* **How to complete this task**: Within the data below, count the lines that include "blast" and give only the count.

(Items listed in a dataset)

——————————

lemma prod_meets_Inter_dense_open:
  fixes X :: "'a topology" and Y :: "'b topology" and W :: "nat \<Rightarrow> ('a \<times> 'b) set"
  assumes "baire_space X" "first_countable Y" "strong_choquet_beta_unfavorable Y"
    and W: "\<And>n. openin (prod_topology X Y) (W n)"
      "\<And>n. prod_topology X Y closure_of (W n) = topspace (prod_topology X Y)"
    and A: "openin X A" "A \<noteq> {}" and B: "openin Y B" "B \<noteq> {}"
  obtains x z where "x \<in> A" "z \<in> B" "\<And>n. (x, z) \<in> W n"
proof -
  obtain nb :: "'b \<Rightarrow> nat \<Rightarrow> 'b set" where nb_open: "\<And>y k. y \<in> topspace Y \<Longrightarrow> openin Y (nb y k)"
    and nb_mem: "\<And>y k. y \<in> topspace Y \<Longrightarrow> y \<in> nb y k"
    and nb_base: "\<And>y U. openin Y U \<Longrightarrow> y \<in> U \<Longrightarrow> \<exists>k. nb y k \<subseteq> U"
    using first_countable_nat_neighbourhoods[OF assms(2)] by blast
  (* A cell (G, y, V) at node s is a box G \<times> V \<subseteq> W (length s) with a marked point y \<in> V \<subseteq> B;
     its children with label k have their second side inside the k-th neighbourhood of y. *)
  define ok where "ok s c \<longleftrightarrow> openin Y (snd (snd c)) \<and> fst (snd c) \<in> snd (snd c)
      \<and> snd (snd c) \<subseteq> B \<and> fst c \<times> snd (snd c) \<subseteq> W (length s)"
    for s :: "nat list" and c :: "'a set \<times> 'b \<times> 'b set"
  define R where "R k d d' \<longleftrightarrow> snd d' \<subseteq> nb (fst d) k" for k and d d' :: "'b \<times> 'b set"
  obtain x c where x: "x \<in> A" and c: "\<And>s. ok s (c s)" "\<And>s. x \<in> fst (c s)"
    "\<And>s k. R k (snd (c s)) (snd (c (k # s)))"
  proof (rule baire_space_refining_thread[where X=X and A=A and ok=ok and R=R, OF assms(1) A])
    fix P assume P: "openin X P" "P \<noteq> {}" "P \<subseteq> A"
    obtain G y V where "openin X G" "G \<noteq> {}" "G \<subseteq> P" "openin Y V" "y \<in> V" "V \<subseteq> B" "G \<times> V \<subseteq> W 0"
      using dense_openin_prod_contains_box[OF W(1,2) P(1,2) B] by metis
    then show "\<exists>G d. openin X G \<and> G \<noteq> {} \<and> G \<subseteq> P \<and> ok [] (G, d)"
      unfolding ok_def by (intro exI[of _ G] exI[of _ "(y, V)"]) simp
  next
    fix s k C P assume C: "ok s C" and P: "openin X P" "P \<noteq> {}" "P \<subseteq> fst C"
    define yC VC where "yC = fst (snd C)" and "VC = snd (snd C)"
    have "yC \<in> topspace Y"
      using C openin_subset unfolding ok_def yC_def by blast
    then have T: "openin Y (VC \<inter> nb yC k)" "VC \<inter> nb yC k \<noteq> {}"
      using C nb_open nb_mem unfolding ok_def yC_def VC_def by blast+
    obtain G y V where "openin X G" "G \<noteq> {}" "G \<subseteq> P" "openin Y V" "y \<in> V" "V \<subseteq> VC \<inter> nb yC k"
        "G \<times> V \<subseteq> W (Suc (length s))"
      using dense_openin_prod_contains_box[OF W(1,2) P(1,2) T] by metis
    moreover have "VC \<subseteq> B"
      using C unfolding ok_def VC_def by blast
    ultimately show "\<exists>G d. openin X G \<and> G \<noteq> {} \<and> G \<subseteq> P \<and> ok (k # s) (G, d) \<and> R k (snd C) d"
      unfolding ok_def R_def yC_def by (intro exI[of _ G] exI[of _ "(y, V)"]) auto
  qed (rule that)
  define y V where "y s = fst (snd (c s))" and "V s = snd (snd (c s))" for s
  have cell: "openin Y (V s)" "y s \<in> V s" "V s \<subseteq> B" "fst (c s) \<times> V s \<subseteq> W (length s)" for s
    using c(1) unfolding ok_def y_def V_def by blast+
  have refine: "\<exists>k. V (k # s) \<subseteq> U" if "openin Y U" "y s \<in> U" for s U
    using nb_base[OF that] c(3) unfolding R_def y_def V_def by blast
  obtain z where z: "\<And>n. \<exists>s. length s = n \<and> z \<in> V s"
    using assms(3) cell(1,2) refine by (rule strong_choquet_beta_unfavorable_tree) (assumption | rule that)+
  have "(x, z) \<in> W n" for n
    using z[of n] c(2) cell(4) by blast
  moreover have "z \<in> B"
    using z[of 0] cell(3) by blast
  ultimately show thesis
    using that x by blast
qed

theorem theorem1p1:
  fixes X :: "'a topology" and Y :: "'b topology"
  assumes "baire_space X"
    and "first_countable Y"
    and "strong_choquet_beta_unfavorable Y"
  shows "baire_space (prod_topology X Y)"
proof (rule baire_spaceI)
  fix W :: "nat \<Rightarrow> ('a \<times> 'b) set" and T
  assume W: "\<And>n. openin (prod_topology X Y) (W n)"
    "\<And>n. prod_topology X Y closure_of W n = topspace (prod_topology X Y)"
    and T: "openin (prod_topology X Y) T" "T \<noteq> {}"
  then obtain a b where "(a, b) \<in> T"
    by auto
  then obtain A B where AB: "openin X A" "openin Y B" "a \<in> A" "b \<in> B" "A \<times> B \<subseteq> T"
    using T(1) openin_prod_topology_alt by metis
  moreover have "A \<noteq> {}" "B \<noteq> {}"
    using AB(3,4) by auto
  ultimately obtain x z where "x \<in> A" "z \<in> B" "\<And>n. (x, z) \<in> W n"
    using prod_meets_Inter_dense_open[where W=W, OF assms W] by metis
  then show "\<exists>p\<in>T. \<forall>n. p \<in> W n"
    using AB(5) by blast
qed

end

——————————

* **Answer below**: 10